George Bernard Shaw wrote Saint Joan in 1923, three years after Pope Benedict XV canonized her. Considered one of his masterworks, Shaw went on to win the Nobel Prize in literature two years later. The Manhattan Theater Club has mounted a serious revival for Broadway starring Condola Rashad, a three time Tony nominee for Stick Fly, The Trip to Bountiful and A Doll’s House, Part 2. I’ve been fortunate to see all of these performances (and also the Pulitzer Prize winning Ruined). Having read this play in graduate school and never having seen it staged, I was looking forward to watching this always excellent actress bring Joan to life on stage.
Saint Joan is the well known, oft-told story of Joan of Arc, a medieval military figure who helps turn the tide of French losses on the battlefield against the English. She is following the voices from God in her head which tell her to lead the troops to victory for France and crown the Dauphin as King. In this interpretation of the play, Joan is neither a madwoman filled with rage nor a demur heroic wallflower. She is clear-eyed, focused and matter-of-fact. Never for a moment do you believe Ms. Rashad’s Joan has any doubt about her mission.

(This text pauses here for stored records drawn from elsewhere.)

lemma nth_h_word:
  assumes "t < length w" and "j < 11"
  shows "h_word w ! (11 * t + j) = h_letter (w ! t) ! j"
  using assms
proof (induction w arbitrary: t)
  case (Cons a w)
  then show ?case
    by (cases t) (auto simp: nth_append)
qed simp

lemma h_word_less_4: "x \<in> set (h_word w) \<Longrightarrow> x < 4"
  by (induction w) (auto simp: h_letter.simps split: if_splits)

lemma prefix_h_word: "prefix u v \<Longrightarrow> prefix (h_word u) (h_word v)"
  by (auto simp: prefix_def h_word_append)

lemma h_letter_rotate_0:
  assumes "a < 4"
  shows "h_letter a = map (\<lambda>x. (a + x) mod 4) (h_letter 0)"
proof -
  have "a \<in> {0, 1, 2, 3}"
    using assms by auto
  then show ?thesis
    by (elim insertE emptyE) (simp_all add: h_letter.simps)
qed

lemma h_letter_rotate:
  assumes "b < 4"
  shows "h_letter ((a + b) mod 4) = map (\<lambda>x. (a + x) mod 4) (h_letter b)"
proof -
  have "h_letter ((a + b) mod 4) = map (\<lambda>x. ((a + b) mod 4 + x) mod 4) (h_letter 0)"
    by (rule h_letter_rotate_0) simp
  also have "\<dots> = map (\<lambda>x. (a + (b + x) mod 4) mod 4) (h_letter 0)"
    by (simp add: mod_add_left_eq mod_add_right_eq add.assoc)
  also have "\<dots> = map (\<lambda>x. (a + x) mod 4) (h_letter b)"
    using h_letter_rotate_0[OF assms] by simp
  finally show ?thesis .
qed
lemma AE_partial_sums_exceed_1: "AE \<omega> in M. \<exists>n. 1 < (\<Sum>j\<le>n. E j \<omega>)"
proof -
  define A where "A = {\<omega> \<in> space M. \<exists>n. 1 < (\<Sum>j\<le>n. E j \<omega>)}"
  have "AE \<omega> in M. (\<Sum>n. arrival_weight (\<lambda>_. 1) n 0 (\<lambda>j. E j \<omega>)) = indicator A \<omega>"
    using AE_space AE_interarrivals_nonneg
    by eventually_elim
      (auto simp: A_def indicator_def suminf_arrival_weight suminf_arrival_weight_bounded not_less)
  then have "emeasure M A = (\<integral>\<^sup>+\<omega>. (\<Sum>n. arrival_weight (\<lambda>_. 1) n 0 (\<lambda>j. E j \<omega>)) \<partial>M)"
    by (simp add: nn_integral_cong_AE A_def)
  also have "\<dots> = 1"
    by (subst nn_integral_suminf_arrival_weight[where G="\<lambda>u. u"])
      (auto intro!: derivative_eq_intros continuous_intros)
  finally have "AE \<omega> in M. \<omega> \<in> A"
    by (subst AE_in_set_eq_1) (auto simp: A_def emeasure_eq_measure)
  then show ?thesis
    by eventually_elim (simp add: A_def)
qed

lemma AE_prod_min_partial_sums_nonneg: "AE \<omega> in M. 0 \<le> prod_min_partial_sums E \<omega>"
  using AE_interarrivals_nonneg AE_partial_sums_exceed_1
  by eventually_elim (simp add: prod_min_partial_sums_nonneg)

lemma nn_integral_prod_min_partial_sums_powr:
  assumes "-1 < \<beta>"
  shows "(\<integral>\<^sup>+\<omega>. ennreal (prod_min_partial_sums E \<omega> powr \<beta>) \<partial>M) = ennreal (exp (- (\<beta> * l) / (1 + \<beta>)))"
proof -
  define G where "G u = u powr (1 + \<beta>) / (1 + \<beta>)" for u :: real
  have G_deriv: "(G has_real_derivative u powr \<beta>) (at u)" if "0 < u" for u
  proof -
    have "(G has_real_derivative (1 + \<beta>) * u powr (1 + \<beta> - 1) / (1 + \<beta>)) (at u)"
      unfolding G_def using that by (intro DERIV_cdivide has_real_derivative_powr) auto
    then show ?thesis
      using assms by simp
  qed
  have G_cont: "continuous_on {0..1} G"
    unfolding G_def using assms by (intro continuous_intros continuous_on_powr') auto
  have "(\<integral>\<^sup>+\<omega>. ennreal (prod_min_partial_sums E \<omega> powr \<beta>) \<partial>M)
      = (\<integral>\<^sup>+\<omega>. (\<Sum>n. arrival_weight (\<lambda>u. u powr \<beta>) n 0 (\<lambda>j. E j \<omega>)) \<partial>M)"
    using AE_interarrivals_nonneg AE_partial_sums_exceed_1
    by (intro nn_integral_cong_AE, eventually_elim) (simp add: suminf_arrival_weight_powr)
  also have "\<dots> = ennreal (exp (l * (G 1 - G 0) - l))"
    by (rule nn_integral_suminf_arrival_weight[OF _ _ G_cont G_deriv]) auto
  also have "l * (G 1 - G 0) - l = - (\<beta> * l) / (1 + \<beta>)"
    using assms by (simp add: G_def field_simps)
  finally show ?thesis .
qed

lemma measurable_prod_min_partial_sums[measurable]: "prod_min_partial_sums E \<in> borel_measurable M"
  unfolding prod_min_partial_sums_def[abs_def] by measurable

lemma integrable_prod_min_partial_sums_powr:
  assumes "-1 < \<beta>"
  shows "integrable M (\<lambda>\<omega>. prod_min_partial_sums E \<omega> powr \<beta>)"
  using nn_integral_prod_min_partial_sums_powr[OF assms] by (intro integrableI_nonneg) auto

lemma expectation_prod_min_partial_sums_powr:
  assumes "-1 < \<beta>"
  shows "expectation (\<lambda>\<omega>. prod_min_partial_sums E \<omega> powr \<beta>) = exp (- (\<beta> * l) / (1 + \<beta>))"
  using nn_integral_prod_min_partial_sums_powr[OF assms] by (simp add: integral_eq_nn_integral)

text \<open>The case k = 0 is excluded only because 0 powr 0 = 0.\<close>

lemma
  fixes k :: nat
  assumes "k \<noteq> 0"
  shows integrable_prod_min_partial_sums_power: "integrable M (\<lambda>\<omega>. prod_min_partial_sums E \<omega> ^ k)"
    and expectation_prod_min_partial_sums_power:
      "expectation (\<lambda>\<omega>. prod_min_partial_sums E \<omega> ^ k) = exp (- (real k * l) / (1 + real k))"
proof -
  have powr_eq: "AE \<omega> in M. prod_min_partial_sums E \<omega> powr k = prod_min_partial_sums E \<omega> ^ k"
    using AE_prod_min_partial_sums_nonneg by eventually_elim (simp add: powr_realpow' assms)
  show "integrable M (\<lambda>\<omega>. prod_min_partial_sums E \<omega> ^ k)"
    using integrable_prod_min_partial_sums_powr[of k] integrable_cong_AE[OF _ _ powr_eq] by simp
  show "expectation (\<lambda>\<omega>. prod_min_partial_sums E \<omega> ^ k) = exp (- (real k * l) / (1 + real k))"
    using expectation_prod_min_partial_sums_powr[of k] integral_cong_AE[OF _ _ powr_eq] by simp
qed

end

theorem corollary1:
  fixes M :: "'a measure" and E :: "nat \<Rightarrow> 'a \<Rightarrow> real" and l :: real
  assumes "prob_space M"
    and "l > 0"
    and "prob_space.indep_vars M (\<lambda>_. borel) E UNIV"
    and "\<And>i. distributed M lborel (E i) (exponential_density l)"
  defines "X \<equiv> prod_min_partial_sums E"
  shows "(\<forall>\<beta>::real. \<beta> > -1 \<longrightarrow>
            prob_space.expectation M (\<lambda>\<omega>. X \<omega> powr \<beta>) = exp (- (\<beta> * l) / (1 + \<beta>)))
       \<and> prob_space.expectation M X = exp (- l / 2)
       \<and> prob_space.variance M X = exp (- 2 * l / 3) - exp (- l)"
proof -
  interpret exponential_interarrivals M l E
    using assms(1-4) by (simp add: exponential_interarrivals_def exponential_interarrivals_axioms_def)
  have mean: "expectation X = exp (- l / 2)"
    using expectation_prod_min_partial_sums_power[of 1] by (simp add: X_def)
  have "variance X = expectation (\<lambda>\<omega>. (X \<omega>)\<^sup>2) - (expectation X)\<^sup>2"
    using integrable_prod_min_partial_sums_power[of 1] integrable_prod_min_partial_sums_power[of 2]
    by (intro variance_eq) (simp_all add: X_def)
  also have "\<dots> = exp (- 2 * l / 3) - exp (- l)"
    using expectation_prod_min_partial_sums_power[of 2] unfolding mean
    by (simp add: X_def power2_eq_square mult_exp_exp)
  finally show ?thesis
    using expectation_prod_min_partial_sums_powr mean by (simp add: X_def)
qed

end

What makes the play thematically rich is that Shaw wrote characters who are not simply villainous. They are also pragmatic and calculated. After her trial she is burned at the stake, largely due to her rising popularity which often follows when common people unite around a successful leader gaining power. In 1429, the English and the Catholic Church found a way to bond against a common enemy named Joan. Was she a heretic or were her visions real? Either way, the church leaders were threatened. The English, satirically painted as idiots by the Irish Shaw, just wanted her captured and killed.
How one sees this play largely depends on your worldview. Do you believe in saints and miracles? Is this a tale of politics and hypocrisy? Centuries after Joan was sentenced to death by religious leaders, the church changed its mind. The will of god or a guilty conscience? This play contains a dream epilogue occurring 25 years after Joan’s death. I think Saint Joan (the play) might be the grandmother to Tony Kushner’s Angels in America. Both use fantastical elements to make us think hard about what we believe and why.
Many aspects of this particular production are quite fine but the play rather than the staging is the meat here to devour. My favorite performance was Jack Davenport’s Earl of Warwick, a manipulative and ruthless man. Joan is a threat to the system. A church trial is a means to slander her and make her go away disgraced, rather than as a martyr. You also have to consider whether or not Joan was sane. She lived in a world where everyone was out for themselves above all else, trying to preserve the status quo. Sound familiar? Saint Joan truly is an excellent play.